Disruption of modems had fallout like to disturb the possibility for an energy supplier in Germany to communicate with 5,800 wind turbines in central Europe. A senior Ukrainian cybersecurity official told reporters on March 15 that the attack had caused “a huge loss of communications at the very beginning of the war”, and said he did not need much investigation. to assume that it was a Russian operation.
The US government has yet to officially attribute the hackers behind the attack, but unnamed “US officials” told the Washington Post it was the work of the Russian army.
Thursday’s SentinelOne analysis adds what may be additional corroborating evidence supporting a Russian link.
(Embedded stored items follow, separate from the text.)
(* Let $m\ge3$ be odd and let $s=s(m)$. For every integer $n\ge1$ and every $x_0\in 2^n+2^{n+1}\mathbb{Z}_2$ (i.e. $v_2(x_0)=n$), one has $v_2\big(T_m(x_0)-x_0\big)=n+s$.
   Context: $v_2$ is the $2$-adic valuation on $\mathbb{Z}_2$. For an integer $m\ge0$, the $m$-th Chebyshev polynomial is $$T_m(x)=\sum_{k=0}^{\lfloor m/2\rfloor}(-1)^k\frac{m}{m-k}\binom{m-k}{k}2^{m-2k-1}x^{m-2k}.$$ For odd $m\ge3$, $s(m)=\max\{n\ge2:\ 2^n\mid(m+1)\text{ or }2^n\mid(m-1)\}$. *)

theory Defs
  imports Complex_Main
begin

text \<open>2-adic integers, modelled as coherent sequences of residues:
  x k is the residue of x modulo 2^k, in [0, 2^k).\<close>
definition Z2 :: "(nat \<Rightarrow> int) set" where
  "Z2 = {x. \<forall>k. 0 \<le> x k \<and> x k < 2 ^ k \<and> x (Suc k) mod 2 ^ k = x k}"

definition v2_eq :: "(nat \<Rightarrow> int) \<Rightarrow> nat \<Rightarrow> bool" where
  "v2_eq y n \<longleftrightarrow> y n = 0 \<and> y (Suc n) \<noteq> 0"

text \<open>Chebyshev polynomial T_m, by the explicit formula (used for odd m).\<close>
definition chebT :: "nat \<Rightarrow> real \<Rightarrow> real" where
  "chebT m x = (\<Sum>k\<le>m div 2. (-1) ^ k * (real m / real (m - k)) * real ((m - k) choose k)
                  * (2 powi (int m - 2 * int k - 1)) * x ^ (m - 2 * k))"

text \<open>The 2-adic integer T_m(x) - x, computed residue-wise (T_m has integer
  coefficients, so T_m(x) mod 2^k depends only on x mod 2^k).\<close>
definition Z2_chebT_sub :: "nat \<Rightarrow> (nat \<Rightarrow> int) \<Rightarrow> (nat \<Rightarrow> int)" where
  "Z2_chebT_sub m x = (\<lambda>k. (\<lfloor>chebT m (of_int (x k))\<rfloor> - x k) mod 2 ^ k)"

definition s_val :: "nat \<Rightarrow> nat" where
  "s_val m = (GREATEST n. n \<ge> 2 \<and> ((2::nat) ^ n dvd m + 1 \<or> (2::nat) ^ n dvd m - 1))"

end

theory Submission
  imports Defs "HOL-Computational_Algebra.Primes"
begin

text \<open>
  Write m = 2q + 1. The addition formulas for Chebyshev polynomials give
  T_m(a) - a = 2 (a^2 - 1) U_q(a) U_{q-1}(a). If v_2(a) = n >= 1, then a^2 - 1 is odd,
  U_{k-1}(a) is odd for odd k, and the doubling formula U_{2k-1} = 2 U_{k-1} T_k (with T_k(a)
  odd for even k) gives v_2(U_{k-1}(a)) = n + v_2(k) for even k. Exactly one of q, q + 1 is
  even and its valuation is s(m) - 1, hence v_2(T_m(a) - a) = n + s(m). The 2-adic statement
  follows residue by residue, once the explicit formula for T_m is matched with the recurrence.
\<close>

fun cheb_T :: "'a::comm_ring_1 \<Rightarrow> nat \<Rightarrow> 'a" where
  "cheb_T a 0 = 1"
| "cheb_T a (Suc 0) = a"
| "cheb_T a (Suc (Suc n)) = 2 * a * cheb_T a (Suc n) - cheb_T a n"

text \<open>\<open>cheb_L a k\<close> is U_{k-1}(a); the index shift makes \<open>cheb_L a 0 = 0\<close>.\<close>

fun cheb_L :: "'a::comm_ring_1 \<Rightarrow> nat \<Rightarrow> 'a" where
  "cheb_L a 0 = 0"
| "cheb_L a (Suc 0) = 1"
| "cheb_L a (Suc (Suc n)) = 2 * a * cheb_L a (Suc n) - cheb_L a n"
The researchers note that AcidRain has “interesting (but not conclusive) code overlap” with botnet malware known as “VPNFilter”, which the The alleged US Department of Justice in 2018 was a Russian effort used to infect routers.
SentinelOne researchers note that VPNFilter had an array of features ranging from credential theft to the ability to wipe and brick devices or flood a target with bogus traffic to render it unusable in the event of an attack. denial of service, such as the one described. by Viasat.
Beyond the similarities in function, the researchers note some code overlap between AcidRain and VPNFilter, although AcidRain “appears to be a much sloppier product that doesn’t consistently follow VPNFilter’s coding standards.”